It's another busy week. Mrs Walles has a birthday approaching and we're getting ready for a well-deserved (on her part, at least) break away to Long Island and New York City. I've just spent the morning creating a birthday cake from a recipe on the inside of a chocolate bar wrapper. I'm not usually one to make use of the recipes on the side of the box, but as you'll see this one is worth making an exception for.
It's called a German chocolate cake. I'd love to be able to make one of those witty remarks about it being neither German, nor chocolate, nor a cake, but I can't as it is undoubtedly chocolate and a cake, and indeed a chocolate cake. But it isn't a German chocolate cake, as I (and I suspect many, even most Americans) assumed. It's not a German chocolate cake either, if you see what I mean, inasmuch as it is not made from chocolate from Germany. What it is made from is German's chocolate, German being the name of an American chocolate maker (and just to be clear, he made German's chocolate, not American chocolate - though it was undoubtedly chocolate from America). It originated in the nineteenth century with a company called Baker's (who confusingly make chocolate, not baked goods - although possibly they made the chocolate for bakers?). It's not chocolate from Germany, is the point, it's chocolate from America, quite sweet but bitter too.
I've now written chocolate so many times that it's starting to do that thing repeated words do where they suddenly seem like they're spelled wrong.

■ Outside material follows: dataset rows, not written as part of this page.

lemma is_segment_eq_between:
  fixes x y :: 'a
  assumes S: "is_segment x y S"
  shows "S = {p. metric_between x y p}"
proof (intro subset_antisym subsetI CollectI)
  fix p assume "p \<in> S" then show "metric_between x y p" by (rule is_segment_between[OF S])
next
  fix p assume p: "p \<in> {p. metric_between x y p}"
  then have "dist x p \<le> dist x y"
    using zero_le_dist[of p y] unfolding mem_Collect_eq metric_between_def by linarith
  then obtain q where "q \<in> S" "dist x q = dist x p"
    by (rule is_segment_point_at_dist[OF S zero_le_dist])
  moreover have "metric_between x y q" using is_segment_between[OF S \<open>q \<in> S\<close>] .
  ultimately show "p \<in> S" using metric_between_eq_if_same_dist p by auto
qed

lemma metric_between_triangle_above:
  assumes "x \<preceq> p" "p \<preceq> x \<squnion> y"
  shows "metric_between x z p \<or> metric_between z y p"
proof -
  let ?a = "x \<squnion> z" and ?b = "z \<squnion> y"
  from le_comparable[OF join_upper2 join_upper1] show ?thesis
  proof
    assume "?b \<preceq> ?a"
    then have "x \<squnion> y \<preceq> ?a" using join_least join_upper1 join_upper2 le_trans by blast
    then show ?thesis using assms le_trans unfolding metric_between_iff by blast
  next
    assume "?a \<preceq> ?b"
    then have "x \<squnion> y \<preceq> ?b" using join_least join_upper1 join_upper2 le_trans by blast
    then have "p \<preceq> ?b" using assms(2) le_trans by blast
    from le_comparable[OF assms(1) join_upper1[of x z]] show ?thesis
    proof
      assume "p \<preceq> ?a" then show ?thesis using assms(1) unfolding metric_between_iff by blast
    next
      assume "?a \<preceq> p"
      then have "z \<preceq> p" using join_upper2 le_trans by blast
      then show ?thesis using \<open>p \<preceq> ?b\<close> unfolding metric_between_iff by blast
    qed
  qed
qed

lemma metric_between_triangle:
  fixes x y z p :: 'a
  assumes "metric_between x y p"
  shows "metric_between x z p \<or> metric_between z y p"
proof -
  from assms consider "x \<preceq> p" "p \<preceq> x \<squnion> y" | "y \<preceq> p" "p \<preceq> y \<squnion> x"
    unfolding metric_between_iff by (auto simp: join_commute)
  then show ?thesis
  proof cases
    case 1 then show ?thesis by (rule metric_between_triangle_above)
  next
    case 2 then show ?thesis
      using metric_between_triangle_above[of y p x z] metric_between_commute by blast
  qed
qed

theorem R_tree_if_geodesic:
  assumes "geodesic_space TYPE('a)"
  shows "R_tree TYPE('a)"
  using assms is_segment_eq_between metric_between_triangle by (rule R_tree_intro)

lemma eq_root_order:
  assumes "has_root (\<preceq>) r"
  shows "(\<preceq>) = root_order r"
proof (intro ext)
  fix x y
  have "x \<preceq> r" "y \<preceq> r" using assms unfolding has_root_def by blast+
  then have "x \<squnion> r = r" using le_antisym[OF join_least[OF _ le_refl] join_upper2] by blast
  then show "x \<preceq> y \<longleftrightarrow> root_order r x y"
    unfolding root_order_def metric_between_iff using \<open>x \<preceq> r\<close> \<open>y \<preceq> r\<close> le_antisym[of r y] by auto
qed

end

lemma closed_root_order_cone: "closed {y. root_order r x y}"
  unfolding root_order_def by (rule closed_metric_between)

lemma isometric_on_root_order:
  assumes "isometric_on {a..b} g" "s \<in> {a..b}" "t \<in> {a..b}" "s \<le> t"
  shows "root_order (g b) (g s) (g t)"
  unfolding root_order_def using assms by (intro isometric_on_between) auto

lemma R_tree_upper_cone_param:
  fixes x r :: "'a::metric_space"
  assumes "R_tree TYPE('a)"
  obtains g a b where "a \<le> b" "isometric_on {a..b} g" "g a = x" "g b = r"
    "{y. root_order r x y} = g ` {a..b}"
proof -
  obtain S where S: "is_segment x r S" by (rule R_tree_segment_exists[OF assms])
  then have "{y. root_order r x y} = S"
    unfolding root_order_def using R_tree_segment_eq_between[OF assms] by blast
  with S show ?thesis using that unfolding is_segment_iff by blast
qed

lemma R_tree_root_order_upper_semilinear:
  assumes "R_tree TYPE('a::metric_space)"
  shows "upper_semilinear (root_order (r::'a))"
  unfolding upper_semilinear_def
proof (intro allI impI)
  fix x y z :: 'a
  assume "root_order r x y \<and> root_order r x z"
  moreover obtain g a b where g: "isometric_on {a..b} g" "g b = r"
    and cone: "{y. root_order r x y} = g ` {a..b}"
    by (rule R_tree_upper_cone_param[OF assms, of x r])
  ultimately obtain s t where "s \<in> {a..b}" "t \<in> {a..b}" "y = g s" "z = g t"
    by blast
  then show "root_order r y z \<or> root_order r z y"
    using isometric_on_root_order[OF g(1)] g(2) by (metis linear)
qed

text \<open>The supremum of \<open>A\<close> is the lowest point of the segment from some \<open>a\<^sub>0 \<in> A\<close> to the root
  that lies above all of \<open>A\<close>; it exists because the set of such parameters is closed.\<close>
lemma R_tree_root_order_has_sup:
  fixes r :: "'a::metric_space"
  assumes rt: "R_tree TYPE('a)" and "A \<noteq> {}"
  shows "\<exists>s. is_sup (root_order r) A s"
proof -
  obtain a0 where a0: "a0 \<in> A" using assms(2) by blast
  obtain g a b where g: "a \<le> b" "isometric_on {a..b} g" "g b = r"
    and cone: "{y. root_order r a0 y} = g ` {a..b}"
    by (rule R_tree_upper_cone_param[OF rt, of a0 r])
  define T where "T = {a..b} \<inter> g -` (\<Inter>c\<in>A. {y. root_order r c y})"
  have "closed (\<Inter>c\<in>A. {y. root_order r c y})"
    by (intro closed_INT ballI closed_root_order_cone)
  then have "closed T"
    unfolding T_def
    by (rule continuous_closed_preimage[OF isometric_on_continuous_on[OF g(2)] closed_atLeastAtMost])
  moreover have "b \<in> T"
    using g has_root_root_order unfolding T_def has_root_def by auto
  moreover have bdd: "bdd_below T" unfolding T_def by (rule bdd_belowI[of _ a]) simp
  ultimately have "Inf T \<in> T" using closed_contains_Inf by blast
  have "is_sup (root_order r) A (g (Inf T))"
    unfolding is_sup_def
  proof (intro conjI allI impI ballI)
    fix c assume "c \<in> A"
    then show "root_order r c (g (Inf T))" using \<open>Inf T \<in> T\<close> unfolding T_def by blast
  next
    fix u assume u: "\<forall>c\<in>A. root_order r c u"
    then obtain t where t: "t \<in> {a..b}" "u = g t" using a0 cone by blast
    with u have "t \<in> T" unfolding T_def by simp
    then have "Inf T \<le> t" using bdd by (rule cInf_lower)
    with t \<open>Inf T \<in> T\<close> show "root_order r (g (Inf T)) u"
      using isometric_on_root_order[OF g(2)] g(3) unfolding T_def by blast
  qed
  then show ?thesis ..
qed

lemma R_tree_root_order_join:
  fixes r :: "'a::metric_space"
  assumes "R_tree TYPE('a)"
  shows "is_sup (root_order r) {x, y} (join (root_order r) x y)"
proof -
  obtain s where s: "is_sup (root_order r) {x, y} s"
    using R_tree_root_order_has_sup[OF assms, of "{x, y}"] by blast
  then have "join (root_order r) x y = s" by (rule join_eqI[OF root_order_partial_order])
  with s show ?thesis by simp
qed
lemma splits_eq_image_take_drop: "{(u, v). u @ v = w} = (\<lambda>i. (take i w, drop i w)) ` {0..length w}"
proof (rule set_eqI, rule iffI)
  fix x assume "x \<in> {(u, v). u @ v = w}"
  then obtain u v where "x = (u, v)" "u @ v = w" by auto
  then show "x \<in> (\<lambda>i. (take i w, drop i w)) ` {0..length w}"
    by (intro image_eqI[where x = "length u"]) auto
qed auto

lemma finite_splits: "finite {(u, v). u @ v = w}"
  by (simp add: splits_eq_image_take_drop)

lemma supp_ncmul: "supp (ncmul p q) \<subseteq> (\<lambda>(u, v). u @ v) ` (supp p \<times> supp q)"
proof
  fix w assume "w \<in> supp (ncmul p q)"
  then have "(\<Sum>(u, v) \<in> {(u, v). u @ v = w}. p u * q v) \<noteq> 0"
    by (simp add: supp_def ncmul_def)
  then obtain u v where "u @ v = w" "p u * q v \<noteq> 0"
    by (auto elim: sum.not_neutral_contains_not_neutral)
  then show "w \<in> (\<lambda>(u, v). u @ v) ` (supp p \<times> supp q)"
    by (auto simp: supp_def image_iff intro!: bexI[where x = "(u, v)"])
qed

lemma fin_supp_ncmul: "fin_supp p \<Longrightarrow> fin_supp q \<Longrightarrow> fin_supp (ncmul p q)"
  unfolding fin_supp_iff_finite_supp using supp_ncmul finite_subset by blast

lemma fin_supp_ncadd: "fin_supp p \<Longrightarrow> fin_supp q \<Longrightarrow> fin_supp (ncadd p q)"
  unfolding fin_supp_iff_finite_supp
  by (rule finite_subset[of _ "supp p \<union> supp q"]) (auto simp: supp_def ncadd_def)

lemma fin_supp_smult: "fin_supp p \<Longrightarrow> fin_supp (\<lambda>w. c * p w)"
  unfolding fin_supp_def by (rule finite_subset[of _ "{w. p w \<noteq> 0}"]) auto

lemma fin_supp_lc: "fin_supp (lc xs)"
proof -
  have "supp (lc xs) \<subseteq> set (map snd xs)"
  proof
    fix w assume "w \<in> supp (lc xs)"
    then have "filter (\<lambda>(c, u). u = w) xs \<noteq> []" by (auto simp: supp_def lc_def)
    then show "w \<in> set (map snd xs)" by (force simp: filter_empty_conv image_iff)
  qed
  then show ?thesis unfolding fin_supp_iff_finite_supp by (rule finite_subset) simp
qed

lemma pairing_eq_sum_superset:
  "finite S \<Longrightarrow> supp p \<subseteq> S \<Longrightarrow> pairing l p = (\<Sum>w\<in>S. l w * p w)"
  unfolding pairing_def by (rule sum.mono_neutral_left) (auto simp: supp_def)

lemma pairing_cong: "(\<And>w. w \<in> supp p \<Longrightarrow> l w = l' w) \<Longrightarrow> pairing l p = pairing l' p"
  unfolding pairing_def by (rule sum.cong) auto

lemma pairing_zero [simp]: "pairing l (\<lambda>_. 0) = 0"
  by (simp add: pairing_def supp_def)

lemma pairing_ncadd:
  assumes "fin_supp p" "fin_supp q"
  shows "pairing l (ncadd p q) = pairing l p + pairing l q"
proof -
  let ?S = "supp p \<union> supp q"
  have S: "finite ?S" using assms by (simp add: fin_supp_iff_finite_supp)
  have "pairing l (ncadd p q) = (\<Sum>w\<in>?S. l w * ncadd p q w)"
    by (rule pairing_eq_sum_superset[OF S]) (auto simp: supp_def ncadd_def)
  also have "\<dots> = (\<Sum>w\<in>?S. l w * p w) + (\<Sum>w\<in>?S. l w * q w)"
    by (simp add: ncadd_def distrib_left sum.distrib)
  finally show ?thesis
    using pairing_eq_sum_superset[OF S, of p l] pairing_eq_sum_superset[OF S, of q l] by auto
qed
(* Let $\mathbb V$ be a Schubert representation of $\widehat H_n$ with generic Schubert classes $\{\mathcal Y_w\}$ and evaluation map $\operatorname{ev}$. For $u,v\in S_n$, $\operatorname{ev}(\overline T_u\cdot\mathcal Y_v)=\operatorname{ev}(\mathcal Y_{\mathrm{id}})$ if $u=v$ and $=0$ otherwise. Moreover, for every $\mathcal Y\in\mathbb V$, $$\mathcal Y=\frac{1}{\operatorname{ev}(\mathcal Y_{\mathrm{id}})}\sum_{w\in S_n}\operatorname{ev}(\overline T_w\cdot\mathcal Y)\,\mathcal Y_w.$$
   Context: $\mathcal A_\hbar=\mathbb Q[p,q,\hbar]$. The affine Hecke algebra $\widehat H_n$ over $\mathcal A_\hbar$ is generated by $T_1,\dots,T_{n-1}$, $x_1,\dots,x_n$ with relations $(T_i+p)(T_i-q)=0$, the braid relations $T_iT_j=T_jT_i$ ($|i-j|>1$), $T_iT_{i+1}T_i=T_{i+1}T_iT_{i+1}$, $x_ix_j=x_jx_i$, $T_ix_j=x_jT_i$ ($j\ne i,i+1$), $T_ix_i=x_{i+1}T_i+(\hbar-(p-q)x_i)$, $T_ix_{i+1}=x_iT_i-(\hbar-(p-q)x_i)$. For a reduced word $w=s_{i_1}\cdots s_{i_\ell}$, $T_w=T_{i_1}\cdots T_{i_\ell}$, and $\overline T_w=\overline T_{i_1}\cdots\overline T_{i_\ell}$ with $\overline T_i=T_i+p-q$. A Schubert representation: a field $\mathbb F$ with $t_1,\dots,t_n\in\mathbb F$, a ring map $\mathcal A_\hbar\to\mathbb F$, an $\mathbb F$-vector space $\mathbb V$ with a $\widehat H_n$-action in which $\mathcal A_\hbar$ acts through $\mathbb F$, a distinguished $\mathcal Y_{w_0}$ ($w_0$ longest in $S_n$) such that $\mathcal Y_w:=T_{w^{-1}w_0}\cdot\mathcal Y_{w_0}$ form a basis, and an $\mathbb F$-linear $\operatorname{ev}\colon\mathbb V\to\mathbb F$ with $\operatorname{ev}(\mathcal Y_w)\ne0\iff w=\mathrm{id}$ and $\operatorname{ev}(x_i\cdot\mathcal Y_w)=t_i\operatorname{ev}(\mathcal Y_w)$. *)

theory Defs
  imports Complex_Main "HOL-Combinatorics.Transposition" "HOL-Combinatorics.Permutations"
begin

definition Sn :: "nat \<Rightarrow> (nat \<Rightarrow> nat) set" where
  "Sn n = {w. w permutes {1..n}}"

definition simple_refl :: "nat \<Rightarrow> nat \<Rightarrow> nat" where
  "simple_refl i = transpose i (Suc i)"

definition perm_of_word :: "nat list \<Rightarrow> nat \<Rightarrow> nat" where
  "perm_of_word ws = foldr (\<lambda>i f. simple_refl i \<circ> f) ws id"

definition reduced_word :: "nat \<Rightarrow> (nat \<Rightarrow> nat) \<Rightarrow> nat list \<Rightarrow> bool" where
  "reduced_word n w ws \<longleftrightarrow> set ws \<subseteq> {1..<n} \<and> perm_of_word ws = w \<and>
     (\<forall>vs. set vs \<subseteq> {1..<n} \<and> perm_of_word vs = w \<longrightarrow> length ws \<le> length vs)"

definition w0 :: "nat \<Rightarrow> nat \<Rightarrow> nat" where
  "w0 n i = (if i \<in> {1..n} then n + 1 - i else i)"

definition word_op :: "(nat \<Rightarrow> 'v \<Rightarrow> 'v) \<Rightarrow> nat list \<Rightarrow> 'v \<Rightarrow> 'v" where
  "word_op G ws = foldr (\<lambda>i f. G i \<circ> f) ws id"

definition T_perm :: "nat \<Rightarrow> (nat \<Rightarrow> 'v \<Rightarrow> 'v) \<Rightarrow> (nat \<Rightarrow> nat) \<Rightarrow> 'v \<Rightarrow> 'v" where
  "T_perm n T w = word_op T (SOME ws. reduced_word n w ws)"

definition Tbar :: "('f \<Rightarrow> 'v \<Rightarrow> 'v::ab_group_add) \<Rightarrow> 'f::field \<Rightarrow> 'f \<Rightarrow> (nat \<Rightarrow> 'v \<Rightarrow> 'v) \<Rightarrow> nat \<Rightarrow> 'v \<Rightarrow> 'v" where
  "Tbar scale p q T i v = T i v + scale (p - q) v"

I had downloaded a recipe for the cake from the web but once I got into the supermarket I found that the original German's chocolate is still for sale and it comes with the recipe (which was sent in by a Texas housewife in the fifties, according to Wikipedia) right in the packet, so I thought why not go straight to the horse's mouth and used that one instead.
The reason I'm going to all this trouble, and risking my ability to ever spell chocolate correctly again, is that Mrs Walles is very partial to the stuff. Not so much to the cake, mind you (which is where all the chocolate is), but to the frosting, which I've just made. It includes pecans, coconut, evaporated milk, eggs and lots and lots of butter and sugar and I can attest to its deliciousness.
It's a classic cake in America but I've never had any or even seen one in the flesh, so it was rather interesting to follow the recipe along and see what emerged. I'm very happy with the result so far. I just hope Mrs Walles is, too!
I've never heard of that, but the frosting sounds divine. I think we need to import it into Canada.